### Extracted records
(* Let $K\subset M^{m\times n}$ be a three-dimensional subspace without Rank-$1$ connections, with $K=P_K(\mathbb{R}^3)$ where $P_K(z)=(a_{ij}\cdot z)_{ij}$, $a_{ij}\in\mathbb{R}^3$, is a linear isomorphism onto $K$. If $\dim\mathrm{Span}\{a_{i_0l}:l=1,\dots,n\}=3$ for some $i_0$, or $\dim\mathrm{Span}\{a_{lj_0}:l=1,\dots,m\}=3$ for some $j_0$, then there exists $\beta\in\mathbb{R}^{q_0}\setminus\{0\}$ with $\sum_{k=1}^{q_0}\beta_kM_k(X)\ge0$ for all $X\in K$ and $\sum_k\beta_kM_k\not\equiv0$ on $K$, where $M_1,\dots,M_{q_0}$ are all the $2\times2$ minors of $m\times n$ matrices.
   Context: A set has Rank-$1$ connections if it contains $A\ne B$ with $\mathrm{Rank}(A-B)=1$. *)

theory Defs
  imports "HOL-Analysis.Analysis"
begin

text \<open>Real m x n matrices are rendered as real^'n^'m (m rows indexed by 'm, n columns by 'n).
  The index types carry a linear order so that the 2x2 minors can be enumerated
  by pairs i1 < i2 of rows and j1 < j2 of columns.\<close>

definition has_rank1_connections :: "(real^'n^'m) set \<Rightarrow> bool" where
  "has_rank1_connections S \<longleftrightarrow> (\<exists>A\<in>S. \<exists>B\<in>S. A \<noteq> B \<and> rank (A - B) = 1)"

definition PK :: "('m \<Rightarrow> 'n \<Rightarrow> real^3) \<Rightarrow> real^3 \<Rightarrow> real^'n^'m" where
  "PK a z = (\<chi> i j. a i j \<bullet> z)"

definition minor_idx :: "('m::linorder \<times> 'm \<times> 'n::linorder \<times> 'n) set" where
  "minor_idx = {(i1, i2, j1, j2). i1 < i2 \<and> j1 < j2}"

definition minor2 :: "('m \<times> 'm \<times> 'n \<times> 'n) \<Rightarrow> real^'n^'m \<Rightarrow> real" where
  "minor2 k X = (case k of (i1, i2, j1, j2) \<Rightarrow>
      X$i1$j1 * X$i2$j2 - X$i1$j2 * X$i2$j1)"

end

theory Submission
  imports Defs
begin

text \<open>
  Suppose no nontrivial combination of the minors is nonnegative on \<open>K\<close>. On \<open>K = P_K(\<real>^3)\<close>
  each minor is a quadratic form \<open>z \<mapsto> z \<bullet> Q_k z\<close>, and a hyperplane separating the span of
  the \<open>Q_k\<close> from the convex hull of the matrices \<open>z z^T\<close> with \<open>|z| = 1\<close> yields a positive
  definite \<open>S\<close> with \<open>S \<bullet> Q_k = 0\<close> for all \<open>k\<close>, that is \<open>a_ij \<bullet> S a_i'l = a_il \<bullet> S a_i'j\<close> for all
  indices. If the row \<open>a_i0\<close> spans \<open>\<real>^3\<close>, these relations make the maps \<open>T_i : a_i0l \<mapsto> a_il\<close>
  well defined, self-adjoint for \<open>S\<close> and pairwise commuting, so they have a common eigenvector
  \<open>y\<close>. For \<open>z = S y\<close> every row of \<open>P_K(z)\<close> is then a multiple of the nonzero row \<open>i0\<close>: a
  rank-one matrix in \<open>K\<close>. The column case is the row case for the transposed family.
\<close>

section \<open>Common eigenvectors of commuting self-adjoint maps\<close>

definition inner_product_form :: "('a::real_vector \<Rightarrow> 'a \<Rightarrow> real) \<Rightarrow> bool" where
  "inner_product_form B \<longleftrightarrow>
     bilinear B \<and> (\<forall>x y. B x y = B y x) \<and> (\<forall>x. x \<noteq> 0 \<longrightarrow> 0 < B x x)"

lemma inner_product_formD:
  assumes "inner_product_form B"
  shows "bilinear B" "B x y = B y x" "x \<noteq> 0 \<Longrightarrow> 0 < B x x"
  using assms by (auto simp: inner_product_form_def)

lemma inner_product_form_eq_0_iff:
  assumes "inner_product_form B"
  shows "B x x = 0 \<longleftrightarrow> x = 0"
  using inner_product_formD[OF assms] bilinear_lzero by fastforce

lemma inner_product_form_nondegenerate:
  fixes B :: "'a::euclidean_space \<Rightarrow> 'a \<Rightarrow> real"
  assumes B: "inner_product_form B" and sp: "span (range u) = UNIV"
    and orth: "\<And>j. B (u j) w = 0"
  shows "w = 0"
proof -
  have "B w w = (\<lambda>_ _. 0) w w"
    by (rule bilinear_eq[of B _ UNIV "range u" "{w}" "{w}"])
       (use inner_product_formD(1)[OF B] sp orth in \<open>auto simp: bilinear_def linear_iff intro: span_base\<close>)
  thus ?thesis using inner_product_form_eq_0_iff[OF B] by simp
qed

lemma nonpos_if_quadratic_nonneg:
  fixes c d :: real
  assumes "\<And>t. t > 0 \<Longrightarrow> 0 \<le> t\<^sup>2 * d - 2 * t * c"
  shows "c \<le> 0"
proof (rule ccontr)
  assume "\<not> c \<le> 0"
  define t where "t = c / (\<bar>d\<bar> + 1)"
  have t: "t > 0" using \<open>\<not> c \<le> 0\<close> by (simp add: t_def)
  have "0 \<le> t * (t * d - 2 * c)" using assms[OF t] by (simp add: power2_eq_square algebra_simps)
  hence "2 * c \<le> t * d" using t by (simp add: zero_le_mult_iff)
  also have "t * d \<le> t * \<bar>d\<bar>" using t by (simp add: mult_left_mono)
  also have "t * \<bar>d\<bar> < c" using \<open>\<not> c \<le> 0\<close> by (simp add: t_def field_simps)
  finally show False using \<open>\<not> c \<le> 0\<close> by simp
qed

lemma eigenvector_if_rayleigh_maximal:
  fixes B :: "'a::real_vector \<Rightarrow> 'a \<Rightarrow> real" and T :: "'a \<Rightarrow> 'a"
  assumes B: "inner_product_form B" and lin: "linear T"
    and sa: "\<And>x y. B (T x) y = B x (T y)"
    and W: "subspace W" and inv: "\<And>x. x \<in> W \<Longrightarrow> T x \<in> W"
    and max: "\<And>y. y \<in> W \<Longrightarrow> B (T y) y \<le> l * B y y"
    and x: "x \<in> W" "B (T x) x = l * B x x"
  shows "T x = l *\<^sub>R x"
proof -
  have bil: "bilinear B" and sym: "\<And>x y. B x y = B y x" and pos: "\<And>x. x \<noteq> 0 \<Longrightarrow> 0 < B x x"
    using inner_product_formD[OF B] by auto
  note Bsimps = bilinear_ladd[OF bil] bilinear_radd[OF bil] bilinear_lsub[OF bil]
    bilinear_rsub[OF bil] bilinear_lmul[OF bil] bilinear_rmul[OF bil]
  define r where "r = l *\<^sub>R x - T x"
  txt \<open>Along \<open>x - t r\<close> the nonnegative form \<open>l B y y - B (T y) y\<close> vanishes at \<open>t = 0\<close> and
    has slope \<open>-2 B r r\<close> there.\<close>
  have "B r r \<le> 0"
  proof (rule nonpos_if_quadratic_nonneg)
    fix t :: real assume "t > 0"
    have "x - t *\<^sub>R r \<in> W" using W x inv by (simp add: r_def subspace_diff subspace_scale)
    hence "0 \<le> l * B (x - t *\<^sub>R r) (x - t *\<^sub>R r) - B (T (x - t *\<^sub>R r)) (x - t *\<^sub>R r)"
      using max by fastforce
    also have "\<dots> = (l * B x x - B (T x) x)
        - t * (l * B x r + l * B r x - B (T x) r - B (T r) x) + t\<^sup>2 * (l * B r r - B (T r) r)"
      using lin by (simp add: Bsimps linear_diff linear_scale algebra_simps power2_eq_square)
    also have "l * B x r + l * B r x - B (T x) r - B (T r) x = 2 * B r r"
    proof -
      have "B r r = l * B x r - B (T x) r" by (subst (1) r_def) (simp add: Bsimps)
      moreover have "B r x = B x r" "B (T r) x = B (T x) r" using sa sym by metis+
      ultimately show ?thesis by simp
    qed
    finally show "0 \<le> t\<^sup>2 * (l * B r r - B (T r) r) - 2 * t * B r r" using x(2) by simp
  qed
  hence "r = 0" using pos by force
  thus ?thesis unfolding r_def by (metis eq_iff_diff_eq_0)
qed

lemma selfadjoint_eigenvector_in_invariant_subspace:
  fixes B :: "'a::euclidean_space \<Rightarrow> 'a \<Rightarrow> real" and T :: "'a \<Rightarrow> 'a"
  assumes B: "inner_product_form B" and lin: "linear T"
    and sa: "\<And>x y. B (T x) y = B x (T y)"
    and W: "subspace W" and w: "w \<in> W" "w \<noteq> 0" and inv: "\<And>x. x \<in> W \<Longrightarrow> T x \<in> W"
  shows "\<exists>x\<in>W. x \<noteq> 0 \<and> (\<exists>c. T x = c *\<^sub>R x)"
proof -
  have bil: "bilinear B" and pos: "\<And>x. x \<noteq> 0 \<Longrightarrow> 0 < B x x"
    using inner_product_formD[OF B] by auto
  define C where "C = W \<inter> sphere 0 1"
  define f where "f y = B (T y) y / B y y" for y
  have "compact C"
    unfolding C_def Int_commute[of W]
    by (intro compact_Int_closed compact_sphere closed_subspace W)
  moreover have "w /\<^sub>R norm w \<in> C"
    using w W unfolding C_def by (simp add: subspace_scale)
  moreover have "continuous_on C f"
  proof -
    have "continuous_on C T" using lin by (simp add: linear_continuous_on linear_conv_bounded_linear)
    moreover have "B y y \<noteq> 0" if "y \<in> C" for y
      using inner_product_form_eq_0_iff[OF B, of y] that unfolding C_def by auto
    ultimately show ?thesis unfolding f_def
      by (intro continuous_on_divide bilinear_continuous_on_compose[OF _ _ bil] continuous_on_id) auto
  qed
  ultimately obtain x where x: "x \<in> C" and xmax: "\<And>y. y \<in> C \<Longrightarrow> f y \<le> f x"
    using continuous_attains_sup[of C f] by blast
  have xW: "x \<in> W" and x0: "x \<noteq> 0" using x unfolding C_def by auto
  have f_scale: "f (c *\<^sub>R y) = f y" if "c \<noteq> 0" for c y
    using that lin by (simp add: f_def bilinear_lmul[OF bil] bilinear_rmul[OF bil] linear_scale)
  have fx_max: "B (T y) y \<le> f x * B y y" if "y \<in> W" for y
  proof (cases "y = 0")
    case True thus ?thesis using lin by (simp add: bilinear_lzero[OF bil] linear_0)
  next
    case False
    have "y /\<^sub>R norm y \<in> C" using that False W unfolding C_def by (simp add: subspace_scale)
    hence "f y \<le> f x" using xmax[of "y /\<^sub>R norm y"] f_scale[of "inverse (norm y)" y] False by simp
    thus ?thesis using pos[OF False] by (simp add: f_def divide_le_eq)
  qed
  have "B (T x) x = f x * B x x" using pos[OF x0] by (simp add: f_def)
  hence "T x = f x *\<^sub>R x" using eigenvector_if_rayleigh_maximal[OF B lin sa W inv fx_max xW] by blast
  thus ?thesis using xW x0 by blast
qed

### Try it
Using the data above, reproduce exactly the lines between those holding "by pairs i1" and "well defined, self-adjoint", inclusive, and no others.

### Response area
  by pairs i1 < i2 of rows and j1 < j2 of columns.\<close>

definition has_rank1_connections :: "(real^'n^'m) set \<Rightarrow> bool" where
  "has_rank1_connections S \<longleftrightarrow> (\<exists>A\<in>S. \<exists>B\<in>S. A \<noteq> B \<and> rank (A - B) = 1)"

definition PK :: "('m \<Rightarrow> 'n \<Rightarrow> real^3) \<Rightarrow> real^3 \<Rightarrow> real^'n^'m" where
  "PK a z = (\<chi> i j. a i j \<bullet> z)"

definition minor_idx :: "('m::linorder \<times> 'm \<times> 'n::linorder \<times> 'n) set" where
  "minor_idx = {(i1, i2, j1, j2). i1 < i2 \<and> j1 < j2}"

definition minor2 :: "('m \<times> 'm \<times> 'n \<times> 'n) \<Rightarrow> real^'n^'m \<Rightarrow> real" where
  "minor2 k X = (case k of (i1, i2, j1, j2) \<Rightarrow>
      X$i1$j1 * X$i2$j2 - X$i1$j2 * X$i2$j1)"

end

theory Submission
  imports Defs
begin

text \<open>
  Suppose no nontrivial combination of the minors is nonnegative on \<open>K\<close>. On \<open>K = P_K(\<real>^3)\<close>
  each minor is a quadratic form \<open>z \<mapsto> z \<bullet> Q_k z\<close>, and a hyperplane separating the span of
  the \<open>Q_k\<close> from the convex hull of the matrices \<open>z z^T\<close> with \<open>|z| = 1\<close> yields a positive
  definite \<open>S\<close> with \<open>S \<bullet> Q_k = 0\<close> for all \<open>k\<close>, that is \<open>a_ij \<bullet> S a_i'l = a_il \<bullet> S a_i'j\<close> for all
  indices. If the row \<open>a_i0\<close> spans \<open>\<real>^3\<close>, these relations make the maps \<open>T_i : a_i0l \<mapsto> a_il\<close>
  well defined, self-adjoint for \<open>S\<close> and pairwise commuting, so they have a common eigenvector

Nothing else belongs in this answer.